Question

Calculate equilibrium constant (in multiples of ${{10}^{-20}}$ ) when sodium reduces Aluminium oxide to aluminium at $298\text{ }K.$ $(\Delta G_{f}^{0}$ of $N{{a}_{2}}{{O}_{3(s)}}$ at $298K=-377KJ/mole$ and $\Delta G_{f}^{0}$ of $A{{l}_{2}}{{O}_{3}}$ at $298K=-1582KJ/mole).$

Answer 1

We know that the equilibrium constant is the ratio of the equilibrium concentrations of products over the equilibrium concentrations of reactants each raised to the power of their stoichiometric coefficients. The ratio of concentration of products and reactants at equilibrium will be the required equilibrium constant.

Complete answer:
As we know that the sodium metal aluminate here, Meta refers to least hydrated form because sometimes it exists in the hydrated form in an excess of water containing environment. Exothermic reactions are the reactions which release energy in the form of heat and light and the reason for this energy release is because the total energy of the products is less than the total energy produced by the reactants. It is used to solidify the concrete, mainly when working during frost.
For a chemical reaction, the equilibrium constant can be defined as the ratio between the amount of reactant and the amount of product which is used to determine chemical behaviour. At equilibrium, Rate of the forward reaction $=$ Rate of the backward reaction. Thus, the chemical reaction is given by;
$A{{l}_{2}}{{O}_{3}}+2{{N}_{4}}{{O}_{4}}\to 2{{N}_{4}}Al{{O}_{2}}+{{H}_{2}}O.$
The equilibrium constant of a chemical reaction usually denoted by the symbol K provides insight into the relationship between the products and reactants when a chemical reaction reaches equilibrium.

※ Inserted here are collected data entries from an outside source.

text \<open>Norm in the link of \<sigma>, which is a (d - |\<sigma>|)-complex.\<close>
definition lnorm :: "'v set set \<Rightarrow> int \<Rightarrow> 'v set \<Rightarrow> 'v set set \<Rightarrow> real" where
  "lnorm X d \<sigma> B = cnorm (link X \<sigma>) (d - int (card \<sigma>)) B"

definition loc :: "'v set set \<Rightarrow> 'v set \<Rightarrow> 'v set set \<Rightarrow> 'v set set" where
  "loc X \<sigma> A = {\<tau>\<in>link X \<sigma>. \<tau> \<union> \<sigma> \<in> A}"

text \<open>fat_aux m = S^{k-m}_\<eta>(A).\<close>
fun fat_aux :: "'v set set \<Rightarrow> int \<Rightarrow> real \<Rightarrow> int \<Rightarrow> 'v set set \<Rightarrow> nat \<Rightarrow> 'v set set" where
  "fat_aux X d \<eta> k A 0 = A"
| "fat_aux X d \<eta> k A (Suc m) =
     {\<sigma>\<in>faces X (k - int m - 1).
        lnorm X d \<sigma> (loc X \<sigma> (fat_aux X d \<eta> k A m)) \<ge> \<eta> ^ (2 ^ m)}"

definition fat :: "'v set set \<Rightarrow> int \<Rightarrow> real \<Rightarrow> int \<Rightarrow> 'v set set \<Rightarrow> int \<Rightarrow> 'v set set" where
  "fat X d \<eta> k A j = (if j \<le> k then fat_aux X d \<eta> k A (nat (k - j)) else {})"

definition dead_end :: "'v set set \<Rightarrow> int \<Rightarrow> real \<Rightarrow> int \<Rightarrow> 'v set set \<Rightarrow> 'v set \<Rightarrow> 'v set \<Rightarrow> bool" where
  "dead_end X d \<eta> k A \<sigma> \<sigma>' \<longleftrightarrow> (\<exists>j. \<sigma> \<in> fat X d \<eta> k A j \<and> \<sigma>' \<in> fat X d \<eta> k A j \<and>
     int (card (\<sigma> \<inter> \<sigma>')) = int (card \<sigma>) - 1 \<and> \<sigma> \<inter> \<sigma>' \<notin> fat X d \<eta> k A (j - 1))"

For example, the equilibrium constant of concentration of a chemical reaction at equilibrium can be defined as the ratio of the concentration of products to the concentration of the reactants, each raised to their respective stoichiometric coefficients.
Now, $\Delta G=product-Reactant=2\left( -377 \right)-\left( -1582 \right)=-754+1582=828.$
We have formula $\Delta G=-RT\ln (Eq)$ on substitution we get; $828=-8.314\times 298\times \log \left( Eq \right)$
On further solving we get; $-0.145=\log \left( Eq \right)\Rightarrow 0.716=Eq$

Note:
Remember that the aluminium and that is sodium hydroxide cannot be stored in the same containers because they both react heavily with the evolution of heat and form sodium aluminate as a product of reaction. Ortho, Meta, Para, etc., are all variations of something called the condensation degree of the aluminate ions.